As we learned last time, some of these (the first two) would be considered “negative” provisions — requiring the owner not to do something — and some “positive” — requiring the owner to do things and incur the resulting expense.  Most could be considered to be “covenants” — in the sense of promises to do/not so something — and a few (the last two) “easements” — in the original sense of permitting access to and activity on the owner’s property for limited purposes.

But with statutory easements none of these old distinctions matter any more.  [Note 4]

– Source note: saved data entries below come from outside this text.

lemma integral_cos_pow_half_period_Suc:
  assumes "m \<in> \<int>"
  shows "(2 * real n + 2) * integral {m..m+1/2} (\<lambda>x. cos (pi * x) ^ (2 * Suc n))
       = (2 * real n + 1) * integral {m..m+1/2} (\<lambda>x. cos (pi * x) ^ (2 * n))"
proof -
  define F where "F x = sin (pi * x) * cos (pi * x) ^ (2*n+1) / pi" for x
  define F' where "F' x = (2 * real n + 2) * cos (pi * x) ^ (2 * Suc n) - (2 * real n + 1) * cos (pi * x) ^ (2 * n)" for x
  have "(F has_real_derivative F' x) (at x)" for x
  proof -
    have "(F has_real_derivative (cos (pi * x) * pi * cos (pi * x) ^ (2*n+1)
        + sin (pi * x) * (real (2*n+1) * cos (pi * x) ^ (2*n) * (- sin (pi * x) * pi))) / pi) (at x)"
      unfolding F_def by (rule derivative_eq_intros refl | simp)+
    also have "(cos (pi * x) * pi * cos (pi * x) ^ (2*n+1)
        + sin (pi * x) * (real (2*n+1) * cos (pi * x) ^ (2*n) * (- sin (pi * x) * pi))) / pi
        = cos (pi * x) ^ (2*n+2) - real (2*n+1) * cos (pi * x) ^ (2*n) * (sin (pi * x))\<^sup>2"
      by (simp add: field_simps power_Suc power2_eq_square)
    also have "\<dots> = F' x"
      unfolding sin_squared_eq F'_def by (simp add: algebra_simps power_add power2_eq_square)
    finally show ?thesis .
  qed
  then have "(F' has_integral (F (m + 1/2) - F m)) {m..m+1/2}"
    by (intro fundamental_theorem_of_calculus) (auto intro: DERIV_subset simp: has_real_derivative_iff_has_vector_derivative[symmetric])
  moreover have "F (m + 1/2) = 0" "F m = 0"
    using assms by (auto elim!: Ints_cases simp: F_def distrib_left cos_add)
  moreover have "(\<lambda>x. cos (pi * x) ^ k) integrable_on {m..m+1/2}" for k
    by (intro integrable_continuous_interval continuous_intros)
  ultimately show ?thesis
    unfolding F'_def by (simp add: has_integral_iff integral_diff integrable_on_cmult_left del: mult_Suc_right)
qed

lemma integral_cos_pow_half_period:
  "m \<in> \<int> \<Longrightarrow> integral {m..m+1/2} (\<lambda>x. cos (pi * x) ^ (2 * n)) = wallis_integral n"
proof (induction n)
  case (Suc n)
  with integral_cos_pow_half_period_Suc[OF Suc.prems, of n] show ?case
    by (simp add: wallis_integral_Suc field_simps del: mult_Suc_right)
qed simp

lemma Ints_less_imp_add_1_le: "a \<in> \<int> \<Longrightarrow> b \<in> \<int> \<Longrightarrow> a < b \<Longrightarrow> a + 1 \<le> (b::real)"
  by (elim Ints_cases) simp

lemma dist_Ints_ge:
  fixes m k x t :: real
  assumes "m \<in> \<int>" "k \<in> \<int>" "m + t \<le> x" "x \<le> m + 1 - t"
  shows "t \<le> \<bar>x - k\<bar>"
proof (cases "k \<le> m")
  case False
  then have "m + 1 \<le> k" using Ints_less_imp_add_1_le[OF assms(1,2)] by simp
  then show ?thesis using assms by linarith
qed (use assms in linarith)
(* Let $c\ge 3$ be an integer and $\lambda,\mu,\alpha>0$ with $\lambda<c\mu$. Let $(\pi_{i,j})_{(i,j)\in\mathcal S}$ be the stationary distribution of the continuous-time Markov chain on $\mathcal S=\{(i,j):0\le i\le c,\ j\ge i\}$ whose only transitions are: $(i,j)\to(i,j+1)$ at rate $\lambda$; $(i,j)\to(i+1,j)$ at rate $\min(j-i,c-i)\alpha$ for $i<c$, $j>i$; $(i,j)\to(i,j-1)$ at rate $i\mu$ for $i\ge1$, $j>i$; $(i,i)\to(i-1,i-1)$ at rate $i\mu$ for $i\ge 1$. For $k=1,\dots,c-1$ let $f_k(z)=(\lambda+k\mu+(c-k)\alpha)z-\lambda z^2-k\mu$ and let $z_k=\frac{\lambda+k\mu+(c-k)\alpha-\sqrt{(\lambda+k\mu+(c-k)\alpha)^2-4k\lambda\mu}}{2\lambda}$, $\hat z_k=\frac{\lambda+k\mu+(c-k)\alpha+\sqrt{(\lambda+k\mu+(c-k)\alpha)^2-4k\lambda\mu}}{2\lambda}$ be its roots ($0<z_k<1<\hat z_k$); let $\hat z_0=(\lambda+c\alpha)/\lambda$. For $k=0,\dots,c-1$ let $\widehat\Pi_k(z)=\sum_{j\ge c}\pi_{k,j}z^{j-k}$. Define constants $A_{k,j}$ ($1\le k\le c-1$, $0\le j\le k$) recursively by $A_{1,0}=\frac{c\alpha\pi_{0,c-1}\hat z_0}{f_1(\hat z_0)}$, $A_{1,1}=\pi_{1,c-1}-A_{1,0}$, and for $k\ge2$: $$A_{k,j}=\frac{(c-k+1)\alpha A_{k-1,j}\hat z_j}{f_k(\hat z_j)}\ (0\le j\le k-1),\qquad A_{k,k}=-(c-k+1)\alpha\sum_{j=0}^{k-1}\frac{A_{k-1,j}\hat z_j}{f_k(\hat z_j)}+\pi_{k,c-1}.$$ Fix $i\in\{2,\dots,c-1\}$. Define $a^{(i)}_c=\frac{(c-i+1)\alpha\widehat\Pi_{i-1}(z_i)}{i\mu z_i^{c-i}}$, $b^{(i)}_c=\frac{\lambda z_i}{i\mu}$, and for $j=c-1,\dots,i+1$, $$a^{(i)}_j=\frac{(j-i+1)\alpha\pi_{i-1,j}+i\mu a^{(i)}_{j+1}}{\lambda+i\mu+(j-i)\alpha-i\mu b^{(i)}_{j+1}},\qquad b^{(i)}_j=\frac{\lambda}{\lambda+i\mu+(j-i)\alpha-i\mu b^{(i)}_{j+1}}.$$ Then: (i) $\pi_{i,j}=a^{(i)}_j+b^{(i)}_j\pi_{i,j-1}$ for $j=i+1,\dots,c$; (ii) $a^{(i)}_j>0$ and $0<b^{(i)}_j<\frac{\lambda}{i\mu}$ for $j=i+1,\dots,c$; (iii) if $\hat z_0,\hat z_1,\dots,\hat z_{c-1}$ are pairwise distinct, then for all complex $z$ with $|z|\le1$, $$\widehat\Pi_i(z)=z^{c-i}\sum_{j=0}^{i}\frac{A_{i,j}}{\hat z_j-z}.$$
   Context: The chain models an M/M/$c$ queue with setup times under the ON-OFF policy: $i$ is the number of busy servers, $j$ the number of jobs; arrivals Poisson($\lambda$), services exp($\mu$), setups exp($\alpha$). The condition $\lambda<c\mu$ guarantees a unique stationary distribution. *)

theory Defs
  imports "HOL-Analysis.Analysis"
begin

text \<open>State space S = {(i,j). 0 <= i <= c, j >= i}; i = busy servers, j = jobs.\<close>
definition state_space :: "nat \<Rightarrow> (nat \<times> nat) set" where
  "state_space c = {(i, j). i \<le> c \<and> i \<le> j}"

definition rate :: "nat \<Rightarrow> real \<Rightarrow> real \<Rightarrow> real \<Rightarrow> nat \<times> nat \<Rightarrow> nat \<times> nat \<Rightarrow> real" where
  "rate c la mu al s t =
     (let (i, j) = s; (i', j') = t in
      if i' = i \<and> j' = j + 1 then la
      else if i < c \<and> j > i \<and> i' = i + 1 \<and> j' = j then real (min (j - i) (c - i)) * al
      else if i \<ge> 1 \<and> j > i \<and> i' = i \<and> j' + 1 = j then real i * mu
      else if i \<ge> 1 \<and> j = i \<and> i' + 1 = i \<and> j' + 1 = j then real i * mu
      else 0)"

definition stationary :: "nat \<Rightarrow> real \<Rightarrow> real \<Rightarrow> real \<Rightarrow> (nat \<times> nat \<Rightarrow> real) \<Rightarrow> bool" where
  "stationary c la mu al p \<longleftrightarrow>
     (\<forall>s\<in>state_space c. p s \<ge> 0) \<and>
     (p has_sum 1) (state_space c) \<and>
     (\<forall>s\<in>state_space c.
        p s * (\<Sum>\<^sub>\<infinity>t\<in>state_space c - {s}. rate c la mu al s t) =
        (\<Sum>\<^sub>\<infinity>t\<in>state_space c - {s}. p t * rate c la mu al t s))"

definition fk :: "nat \<Rightarrow> real \<Rightarrow> real \<Rightarrow> real \<Rightarrow> nat \<Rightarrow> real \<Rightarrow> real" where
  "fk c la mu al k z = (la + real k * mu + (real c - real k) * al) * z - la * z^2 - real k * mu"

definition zk :: "nat \<Rightarrow> real \<Rightarrow> real \<Rightarrow> real \<Rightarrow> nat \<Rightarrow> real" where
  "zk c la mu al k =
     (la + real k * mu + (real c - real k) * al
       - sqrt ((la + real k * mu + (real c - real k) * al)^2 - 4 * real k * la * mu)) / (2 * la)"

definition zhat :: "nat \<Rightarrow> real \<Rightarrow> real \<Rightarrow> real \<Rightarrow> nat \<Rightarrow> real" where
  "zhat c la mu al k =
     (if k = 0 then (la + real c * al) / la
      else (la + real k * mu + (real c - real k) * al
       + sqrt ((la + real k * mu + (real c - real k) * al)^2 - 4 * real k * la * mu)) / (2 * la))"

definition Pihat :: "nat \<Rightarrow> (nat \<times> nat \<Rightarrow> real) \<Rightarrow> nat \<Rightarrow> 'a::real_normed_field \<Rightarrow> 'a" where
  "Pihat c p k z = (\<Sum>n. of_real (p (k, c + n)) * z ^ (c + n - k))"

fun Acoef :: "nat \<Rightarrow> real \<Rightarrow> real \<Rightarrow> real \<Rightarrow> (nat \<times> nat \<Rightarrow> real) \<Rightarrow> nat \<Rightarrow> nat \<Rightarrow> real" where
  "Acoef c la mu al p 0 j = 0"
| "Acoef c la mu al p (Suc 0) j =
     (let A10 = real c * al * p (0, c - 1) * zhat c la mu al 0 / fk c la mu al 1 (zhat c la mu al 0) in
      if j = 0 then A10 else if j = 1 then p (1, c - 1) - A10 else 0)"
| "Acoef c la mu al p (Suc (Suc m)) j =
     (let k = Suc (Suc m) in
      if j < k then
        (real c - real k + 1) * al * Acoef c la mu al p (Suc m) j * zhat c la mu al j
          / fk c la mu al k (zhat c la mu al j)
      else if j = k then
        - (real c - real k + 1) * al *
          (\<Sum>l<k. Acoef c la mu al p (Suc m) l * zhat c la mu al l / fk c la mu al k (zhat c la mu al l))
        + p (k, c - 1)
      else 0)"

text \<open>Backward recursion for (a^(i)_j, b^(i)_j): abrec ... i m = (a^(i)_{c-m}, b^(i)_{c-m}).\<close>
fun abrec :: "nat \<Rightarrow> real \<Rightarrow> real \<Rightarrow> real \<Rightarrow> (nat \<times> nat \<Rightarrow> real) \<Rightarrow> nat \<Rightarrow> nat \<Rightarrow> real \<times> real" where
  "abrec c la mu al p i 0 =
     ((real c - real i + 1) * al * Pihat c p (i - 1) (zk c la mu al i)
        / (real i * mu * zk c la mu al i ^ (c - i)),
      la * zk c la mu al i / (real i * mu))"
| "abrec c la mu al p i (Suc m) =
     (let j = c - Suc m; (a', b') = abrec c la mu al p i m;
          d = la + real i * mu + (real j - real i) * al - real i * mu * b' in
      (((real j - real i + 1) * al * p (i - 1, j) + real i * mu * a') / d, la / d))"

definition acoef :: "nat \<Rightarrow> real \<Rightarrow> real \<Rightarrow> real \<Rightarrow> (nat \<times> nat \<Rightarrow> real) \<Rightarrow> nat \<Rightarrow> nat \<Rightarrow> real" where
  "acoef c la mu al p i j = fst (abrec c la mu al p i (c - j))"

definition bcoef :: "nat \<Rightarrow> real \<Rightarrow> real \<Rightarrow> real \<Rightarrow> (nat \<times> nat \<Rightarrow> real) \<Rightarrow> nat \<Rightarrow> nat \<Rightarrow> real" where
  "bcoef c la mu al p i j = snd (abrec c la mu al p i (c - j))"

end

theory Submission
  imports Defs
begin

The first heritage easement signed in Ontario (June 22, 1976) protects the Newburgh Academy in Newburgh


Note 1: Until the 2005 overhaul of the Ontario Heritage Act, the Foundation/Trust needed the Minister’s approval for its restoration grants. I have it on good authority that in the case of the early and enormous Victoria Hall grant, and presumably at the Minister’s behest, the provincial contribution was actually approved in Cabinet. To this day the Trust requires  Minister’s approval for property acquisition and disposition, including easement interests, but this is a formality.

Note 2: According to my source, the architects of both the heritage easement provisions in the OHA and the template easement agreement were Bert Lawrence and Brock Grant. Bert Lawrence, a former provincial cabinet minister under Premier William Davis, became the first chair of the beefed-up Ontario Heritage Foundation in 1975. Brock Grant was the esteemed ministry lawyer who advised the Foundation’s board and staff for many years.

Note 3: The OHT currently holds 186 built heritage easements.

Note 4: The statutory protective agreement, referred to as simply an “easement or covenant” in the OHA, came to be called a heritage easement or conservation easement probably because of the traditional easement-like provisions they included (even if these were more minor in nature) and because covenants typically were part of another agreement (a deed) rather than stand-alone. Also because that’s what the American precedents were called.